If you use SQL Server’s database mail for notifications, sooner or later you’re probably gonna make the same mistake as Anon, too:
My darkest hour took place one Saturday morning.
It was a perfect storm – a Friday afternoon change, insufficient testing, someone else on-call and Blackberry safely left behind while taking the kids surfing.
The Change was simple enough, an update to the daily Data Load / notification process. Unfortunately, there was some code missing which resulted in an endless loop.
The Data Load completed and SQL Server sent the notification e-mail. Then it sent the e-mail again, and again and again. In total, 12.6 million e-mails over the course of four hours.
The on-call agent forgot that they were on-call so they remained oblivious to the issue. I returned home and picked up my Blackberry to see a record number of unread e-mails. Logging onto the SQL Server was almost impossible as the Network had somehow frozen.
SQL Server had become unresponsive, Exchange Servers died. Reports came in of Blackberrys vibrating themselves to death as they notified of each e-mail arriving until the battery ran out. One Blackberry decided enough was enough, vibrating off a table and smashing on the tiled floor below.
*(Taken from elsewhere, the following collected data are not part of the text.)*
definition normal_eqs ::
    "real^'v^'v \<Rightarrow> 'v::finite \<Rightarrow> 'v set \<Rightarrow> ('v \<Rightarrow> real) \<Rightarrow> bool" where
  "normal_eqs S y W b \<longleftrightarrow> (\<forall>u. u \<notin> W \<longrightarrow> b u = 0) \<and>
       (\<forall>w\<in>W. S $ w $ y = (\<Sum>u\<in>W. b u * S $ w $ u))"

lemma normal_eqs_exists:
  fixes N :: "real^'v::finite^'v"
  assumes "invertible N"
  shows "\<exists>b. normal_eqs (N ** transpose N) y W b"
proof -
  define r where "r u = N $ u" for u
  obtain p z where p: "p \<in> span (r ` W)"
    and z_orth: "\<And>v. v \<in> span (r ` W) \<Longrightarrow> orthogonal z v" and y_decomp: "r y = p + z"
    using orthogonal_subspace_decomp_exists[of "r ` W" "r y"] by blast
  obtain a where "p = (\<Sum>v\<in>r ` W. a v *\<^sub>R v)"
    using p span_finite[of "r ` W"] by auto
  also have "\<dots> = (\<Sum>u\<in>W. a (r u) *\<^sub>R r u)"
    using invertible_inj_rows[OF assms] by (simp add: sum.reindex inj_on_def r_def)
  finally have p_eq: "p = (\<Sum>u\<in>W. a (r u) *\<^sub>R r u)" .
  define b where "b u = (if u \<in> W then a (r u) else 0)" for u
  have "r w \<bullet> r y = (\<Sum>u\<in>W. b u * (r w \<bullet> r u))" if w: "w \<in> W" for w
  proof -
    have "z \<bullet> r w = 0" using z_orth[of "r w"] w by (simp add: span_base orthogonal_def)
    then have "r w \<bullet> r y = r w \<bullet> p" unfolding y_decomp by (simp add: inner_add_right inner_commute)
    also have "\<dots> = (\<Sum>u\<in>W. b u * (r w \<bullet> r u))"
      unfolding p_eq by (simp add: inner_sum_right b_def)
    finally show ?thesis .
  qed
  then have "normal_eqs (N ** transpose N) y W b"
    by (simp add: normal_eqs_def b_def matrix_mul_transpose_nth r_def)
  then show ?thesis by blast
qed

lemma normal_eqs_unique:
  fixes N :: "real^'v::finite^'v"
  assumes N: "invertible N"
    and b1: "normal_eqs (N ** transpose N) y W b1" and b2: "normal_eqs (N ** transpose N) y W b2"
  shows "b1 = b2"
proof -
  define r where "r u = N $ u" for u
  define d where "d u = b1 u - b2 u" for u
  have d_outside: "d u = 0" if "u \<notin> W" for u
    using b1 b2 that by (simp add: normal_eqs_def d_def)
  have d_orth: "(\<Sum>u\<in>W. d u * (r w \<bullet> r u)) = 0" if "w \<in> W" for w
    using b1 b2 that
    by (simp add: normal_eqs_def matrix_mul_transpose_nth r_def d_def left_diff_distrib
        sum_subtractf)
  define z where "z = (\<Sum>u\<in>W. d u *\<^sub>R r u)"
  have "z \<bullet> z = (\<Sum>w\<in>W. d w * (r w \<bullet> z))"
    unfolding z_def by (simp add: inner_sum_left)
  also have "\<dots> = (\<Sum>w\<in>W. d w * (\<Sum>u\<in>W. d u * (r w \<bullet> r u)))"
    unfolding z_def by (simp add: inner_sum_right)
  also have "\<dots> = 0" using d_orth by simp
  finally have "z = 0" by simp
  moreover have "(\<Sum>u\<in>UNIV. d u *\<^sub>R r u) = z"
    unfolding z_def by (rule sum.mono_neutral_right) (auto simp: d_outside)
  ultimately have "d u = 0" for u
    using invertible_rows_independent[OF N, of d] by (simp add: r_def)
  then show ?thesis by (simp add: d_def fun_eq_iff)
qed

lemma lin_proj_normal_eqs:
  fixes N :: "real^'v::finite^'v"
  assumes "invertible N"
  shows "normal_eqs (N ** transpose N) y W (lin_proj (N ** transpose N) y W)"
proof -
  have "\<exists>!b. normal_eqs (N ** transpose N) y W b"
    using normal_eqs_exists[OF assms] normal_eqs_unique[OF assms] by blast
  then show ?thesis
    unfolding lin_proj_def normal_eqs_def[symmetric] by (rule theI')
qed

lemma lin_proj_eqI:
  fixes N :: "real^'v::finite^'v"
  assumes "invertible N" and "normal_eqs (N ** transpose N) y W b"
  shows "lin_proj (N ** transpose N) y W = b"
  using normal_eqs_unique[OF assms(1) lin_proj_normal_eqs[OF assms(1)] assms(2)] .

lemma lin_proj_insert_pcov_eq_0:
  fixes N :: "real^'v::finite^'v"
  defines "S \<equiv> N ** transpose N"
  assumes N: "invertible N" and "a \<notin> K" and "pcov S x a K = 0"
  shows "lin_proj S x (insert a K) = lin_proj S x K"
proof (rule lin_proj_eqI[OF N, folded S_def])
  let ?h = "lin_proj S x K"
  have h: "normal_eqs S x K ?h"
    unfolding S_def by (rule lin_proj_normal_eqs[OF N])
  have "S $ a $ x = (\<Sum>u\<in>K. ?h u * S $ a $ u)"
    using \<open>pcov S x a K = 0\<close>
    by (simp add: pcov_def S_def matrix_mul_transpose_nth inner_commute)
  with h \<open>a \<notin> K\<close> show "normal_eqs S x (insert a K) ?h"
    by (auto simp: normal_eqs_def)
qed

lemma lin_proj_omitted_variable:
  fixes N :: "real^'v::finite^'v"
  defines "S \<equiv> N ** transpose N"
  assumes N: "invertible N" and "p \<notin> W" and "u \<in> W"
  shows "lin_proj S y W u =
    lin_proj S y (insert p W) u + lin_proj S y (insert p W) p * lin_proj S p W u"
proof -
  define b where "b = lin_proj S y (insert p W)"
  define h where "h = lin_proj S p W"
  have b: "normal_eqs S y (insert p W) b" and h: "normal_eqs S p W h"
    unfolding b_def h_def S_def by (rule lin_proj_normal_eqs[OF N])+
  define b' where "b' v = (if v \<in> W then b v + b p * h v else 0)" for v
  have "normal_eqs S y W b'"
    unfolding normal_eqs_def
  proof (intro conjI allI impI ballI)
    fix v assume "v \<notin> W" then show "b' v = 0" by (simp add: b'_def)
  next
    fix w assume w: "w \<in> W"
    have "(\<Sum>v\<in>W. b' v * S $ w $ v) =
        (\<Sum>v\<in>W. b v * S $ w $ v) + b p * (\<Sum>v\<in>W. h v * S $ w $ v)"
      by (simp add: b'_def algebra_simps sum.distrib sum_distrib_left)
    also have "\<dots> = (\<Sum>v\<in>insert p W. b v * S $ w $ v)"
      using h w \<open>p \<notin> W\<close> by (simp add: normal_eqs_def)
    also have "\<dots> = S $ w $ y" using b w by (simp add: normal_eqs_def)
    finally show "S $ w $ y = (\<Sum>v\<in>W. b' v * S $ w $ v)" by simp
  qed
  then have "lin_proj S y W = b'"
    unfolding S_def by (rule lin_proj_eqI[OF N])
  then show ?thesis using \<open>u \<in> W\<close> by (simp add: b'_def b_def h_def)
qed

lemma outcome_childless:
  assumes "acyclic E" and "(a, y) \<in> E" and "\<And>v. (a, v) \<in> E\<^sup>+ \<Longrightarrow> v = y"
  shows "(y, c) \<notin> E"
proof
  assume "(y, c) \<in> E"
  with assms(2) have "(a, c) \<in> E\<^sup>+" by auto
  then have "c = y" by (rule assms(3))
  with \<open>(y, c) \<in> E\<close> \<open>acyclic E\<close> show False by (auto simp: acyclic_def)
qed

lemma rtrancl_delete_edge_into_childless:
  assumes childless: "\<And>c. (y, c) \<notin> E" and "(x, d) \<in> E\<^sup>*" and "d \<noteq> y"
  shows "(x, d) \<in> (E - {(a, y)})\<^sup>*"
  using assms(2,3)
proof (induction rule: converse_rtrancl_induct)
  case base
  then show ?case by simp
next
  case (step x z)
  have "z \<noteq> y"
    using step.hyps(2) step.prems childless by (auto elim: converse_rtranclE)
  with step show ?case by (auto intro: converse_rtrancl_into_rtrancl)
qed

lemma d_connecting_path_avoids_childless:
  assumes childless: "\<And>c. (y, c) \<notin> E" and "y \<notin> Z" and "x \<noteq> y" and "z \<noteq> y"
    and path: "d_connecting_path E p x z Z" and "i < length p"
  shows "p ! i \<noteq> y"
proof
  assume p_i: "p ! i = y"
  have "p \<noteq> []" "hd p = x" "last p = z"
    and adjacent: "\<And>j. Suc j < length p \<Longrightarrow> adj E (p ! j) (p ! Suc j)"
    and blocked: "\<And>j. 0 < j \<Longrightarrow> Suc j < length p \<Longrightarrow>
        (if collider E (p ! (j - 1)) (p ! j) (p ! Suc j)
         then \<exists>d. (p ! j, d) \<in> E\<^sup>* \<and> d \<in> Z else p ! j \<notin> Z)"
    using path unfolding d_connecting_path_def by blast+
  then have "i \<noteq> 0" "i \<noteq> length p - 1"
    using p_i \<open>x \<noteq> y\<close> \<open>z \<noteq> y\<close> by (metis hd_conv_nth, metis last_conv_nth)
  then have interior: "0 < i" "Suc i < length p" using \<open>i < length p\<close> by auto
  have "(p ! (i - 1), y) \<in> E" "(p ! Suc i, y) \<in> E"
    using adjacent[of "i - 1"] adjacent[of i] interior p_i childless by (auto simp: adj_def)
  then have "collider E (p ! (i - 1)) (p ! i) (p ! Suc i)"
    using p_i by (simp add: collider_def)
  then obtain d where "(y, d) \<in> E\<^sup>*" "d \<in> Z"
    using blocked[OF interior] p_i by auto
  then show False
    using childless \<open>y \<notin> Z\<close> by (auto elim: converse_rtranclE)
qed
The only physical casualty, although my mental scars remain even now.
The mess was cleared and the “DeNigel of Service Attack” went into IT folklore to join “Nickageddon”.
I have not surfed since.
So what did we learn?
Kenzo sums it up well and earns a prize too:
Couple things I learned from all these comments:
1: every single person who supports relational databases likely has multiple horror stories to tell.
2: The ultimate, #1, primary, existential, responsibility of a DBA – for which all other responsibilities pale in comparison – is to implement database backup and restore processing adequate to support the business’s acceptable level of data loss.